Dosing starting at t = 0 h, t = 4 h, t = 8 h, t = 12 h, t = 16 h and t = 20 h
in Periods 1, 2 and 3.

Procedures:
Pain, light bleeding, heamatoma, possibly an infection.

Medication:
As 2-iminobiotin (2-IB), will be administered to man for the first time in this
study, to date adverse effects in man have not been reported. However, there
have been extensive studies on the safety of 2-IB in rats, dogs and mini pigs.
In these studies (very) high doses of 2-IB have been administered, following a
similar scheme as in the present study, over 24 to 96 hour periods. These
studies have shown that 2-IB was well tolerated up to the highest dose levels.

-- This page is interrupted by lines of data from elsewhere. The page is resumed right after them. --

(* Let $p\in(0,1)$ and let $Y=[\xi_{ij}]$ be a $p$-robust random 0–1 matrix of size $n\times n$ (with otherwise arbitrary distribution). Then $$\Pr(Y\text{ has a perfect matching})\ge 1-(n+1)^3(1-p)^{\lfloor n/2\rfloor}.$$
   Context: A perfect matching of a 0–1 $n\times n$ matrix $Y$ is a choice of indices $((i_1,1),\dots,(i_n,n))$ with $\{i_1,\dots,i_n\}=\{1,\dots,n\}$ and $\xi_{i_j,j}=1$ for all $j$ (equivalently, a perfect matching of the bipartite graph with bi-adjacency matrix $Y$). In an $n\times n$ matrix, $(i,j)\prec(k,\ell)$ if $i<k$, or $i=k$ and $j<\ell$. $Y$ is $p$-robust if for every $(i,j)$, every set of positions $(i_1,j_1),\dots,(i_r,j_r)\prec(i,j)$ and every $a_1,\dots,a_r\in\{0,1\}$ with the conditioning event of positive probability, $\Pr(\xi_{ij}=1\mid\xi_{i_1j_1}=a_1,\dots,\xi_{i_rj_r}=a_r)\ge p$ (and $\Pr(\xi_{ij}=1)\ge p$). *)

theory Defs
  imports "HOL-Probability.Probability"
begin

text \<open>An n x n 0-1 matrix is modelled as a function Y :: nat => nat => bool,
  where Y i j (for i, j < n, 0-based) is the entry xi_ij (True = 1).
  Entries outside the range are irrelevant. A random 0-1 matrix is a
  probability mass function on such matrices (every distribution on the
  finite set of n x n 0-1 matrices is discrete).\<close>

definition has_perfect_matching :: "nat \<Rightarrow> (nat \<Rightarrow> nat \<Rightarrow> bool) \<Rightarrow> bool" where
  "has_perfect_matching n Y \<longleftrightarrow>
     (\<exists>\<sigma>. bij_betw \<sigma> {..<n} {..<n} \<and> (\<forall>j<n. Y (\<sigma> j) j))"

definition pos_prec :: "nat \<times> nat \<Rightarrow> nat \<times> nat \<Rightarrow> bool" where
  "pos_prec x y \<longleftrightarrow> fst x < fst y \<or> (fst x = fst y \<and> snd x < snd y)"

definition p_robust :: "real \<Rightarrow> nat \<Rightarrow> (nat \<Rightarrow> nat \<Rightarrow> bool) pmf \<Rightarrow> bool" where
  "p_robust p n Y \<longleftrightarrow>
     (\<forall>i<n. \<forall>j<n. \<forall>S a.
        S \<subseteq> {(k, l). k < n \<and> l < n \<and> pos_prec (k, l) (i, j)} \<longrightarrow>
        (let E = {M. \<forall>(k, l)\<in>S. M k l = a (k, l)} in
          measure_pmf.prob Y E > 0 \<longrightarrow>
          measure_pmf.prob Y (E \<inter> {M. M i j}) / measure_pmf.prob Y E \<ge> p))"

end

theory Submission
  imports Defs
begin

text \<open>If Y has no perfect matching, Hall's theorem yields a set C of columns whose
  neighbourhood is smaller than C; together with the rows outside that neighbourhood it spans
  an all-zero block R \<times> C with |R| + |C| = n + 1. Revealing the entries of a fixed set T of
  positions in lexicographic order, p-robustness makes each of them vanish with conditional
  probability at most 1 - p, so T is all-zero with probability at most (1 - p)^|T|. The union
  bound over all blocks gives at most n + 2 terms C(n,r) C(n,n+1-r) (1-p)^(r(n+1-r)), and each
  is at most (n^2 (1-p)^(n div 2))^(min r (n+1-r)), which is at most n^2 (1-p)^(n div 2)
  unless the claimed bound is trivial anyway.\<close>

definition neighbours :: "('r \<Rightarrow> 'c \<Rightarrow> bool) \<Rightarrow> 'r set \<Rightarrow> 'c set \<Rightarrow> 'r set" where
  "neighbours Y B X = {i \<in> B. \<exists>j\<in>X. Y i j}"

definition hall_condition :: "('r \<Rightarrow> 'c \<Rightarrow> bool) \<Rightarrow> 'c set \<Rightarrow> 'r set \<Rightarrow> bool" where
  "hall_condition Y A B \<longleftrightarrow> (\<forall>X\<subseteq>A. card X \<le> card (neighbours Y B X))"

definition matching_into :: "('r \<Rightarrow> 'c \<Rightarrow> bool) \<Rightarrow> 'c set \<Rightarrow> 'r set \<Rightarrow> ('c \<Rightarrow> 'r) \<Rightarrow> bool" where
  "matching_into Y A B \<sigma> \<longleftrightarrow> inj_on \<sigma> A \<and> (\<forall>j\<in>A. \<sigma> j \<in> B \<and> Y (\<sigma> j) j)"

lemma matching_into_split:
  assumes "matching_into Y X B' \<sigma>1" and "matching_into Y (A - X) (B - B') \<sigma>2" and "B' \<subseteq> B"
  shows "matching_into Y A B (\<lambda>j. if j \<in> X then \<sigma>1 j else \<sigma>2 j)"
proof -
  let ?\<sigma> = "\<lambda>j. if j \<in> X then \<sigma>1 j else \<sigma>2 j"
  have "?\<sigma> ` (A \<inter> X) \<subseteq> B'" "?\<sigma> ` (A - X) \<subseteq> B - B'"
    using assms(1,2) unfolding matching_into_def by auto
  then have "?\<sigma> ` (A \<inter> X) \<inter> ?\<sigma> ` (A - X) = {}"
    by blast
  moreover have "inj_on ?\<sigma> (A \<inter> X)" "inj_on ?\<sigma> (A - X)"
    using assms(1,2) unfolding matching_into_def inj_on_def by auto
  moreover have "A \<inter> X - (A - X) = A \<inter> X" "A - X - A \<inter> X = A - X" by auto
  ultimately have "inj_on ?\<sigma> ((A \<inter> X) \<union> (A - X))"
    by (simp add: inj_on_Un)
  then show ?thesis
    using assms unfolding matching_into_def by (auto simp: Int_Diff_Un)
qed

lemma hall_condition_neighbours:
  assumes "hall_condition Y A B" and "X \<subseteq> A"
  shows "hall_condition Y X (neighbours Y B X)"
  unfolding hall_condition_def
proof (intro allI impI)
  fix Z assume "Z \<subseteq> X"
  then have "neighbours Y (neighbours Y B X) Z = neighbours Y B Z"
    unfolding neighbours_def by auto
  moreover have "card Z \<le> card (neighbours Y B Z)"
    using assms \<open>Z \<subseteq> X\<close> unfolding hall_condition_def by blast
  ultimately show "card Z \<le> card (neighbours Y (neighbours Y B X) Z)" by simp
qed

lemma hall_condition_diff_critical:
  assumes hall: "hall_condition Y A B" and "finite A" and "X \<subseteq> A"
    and critical: "card (neighbours Y B X) = card X"
  shows "hall_condition Y (A - X) (B - neighbours Y B X)"
  unfolding hall_condition_def
proof (intro allI impI)
  fix Z assume Z: "Z \<subseteq> A - X"
  have "card Z + card X = card (Z \<union> X)"
    using Z \<open>finite A\<close> \<open>X \<subseteq> A\<close>
    by (intro card_Un_disjoint[symmetric]) (auto intro: finite_subset)
  also have "\<dots> \<le> card (neighbours Y B (Z \<union> X))"
    using hall Z \<open>X \<subseteq> A\<close> unfolding hall_condition_def by blast
  also have "neighbours Y B (Z \<union> X) = neighbours Y (B - neighbours Y B X) Z \<union> neighbours Y B X"
    unfolding neighbours_def by auto
  also have "card \<dots> \<le> card (neighbours Y (B - neighbours Y B X) Z) + card X"
    unfolding critical[symmetric] by (rule card_Un_le)
  finally show "card Z \<le> card (neighbours Y (B - neighbours Y B X) Z)" by simp
qed

lemma hall_condition_remove_edge:
  assumes "finite B" and "a \<in> A"
    and surplus: "\<forall>X\<subseteq>A. X \<noteq> {} \<longrightarrow> X \<noteq> A \<longrightarrow> card X < card (neighbours Y B X)"
  shows "hall_condition Y (A - {a}) (B - {b})"
  unfolding hall_condition_def
proof (intro allI impI)
  fix Z assume Z: "Z \<subseteq> A - {a}"
  show "card Z \<le> card (neighbours Y (B - {b}) Z)"
  proof (cases "Z = {}")
    case False
    with Z \<open>a \<in> A\<close> surplus have "card Z < card (neighbours Y B Z)" by blast
    moreover have "neighbours Y (B - {b}) Z = neighbours Y B Z - {b}"
      unfolding neighbours_def by auto
    moreover have "finite (neighbours Y B Z)"
      using \<open>finite B\<close> unfolding neighbours_def by simp
    ultimately show ?thesis by (simp add: card_Diff_singleton_if) arith
  qed simp
qed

Only mild adverse effect have been observed in the test animals that were most
likely not related to 2-IB, and the results justify the administration of 2-IB
in humans. Captisol is an adjuvant that has been administered in preclinical
and clinical studies before and is also used in a number of already available
drugs. From these studies it was concluded that Captisol is safe and has no
significant biological effects.. The highest daily doses of Captisol
administered in humans thus far was 35 gram (4 administrations of 5 minutes
within 24 hours). Although the highest dose of Captisol used in this study will
exceed the highest daily dose administered in humans thus far, no safety issues
are expected of the new formulation since Captisol leaves the body quickly.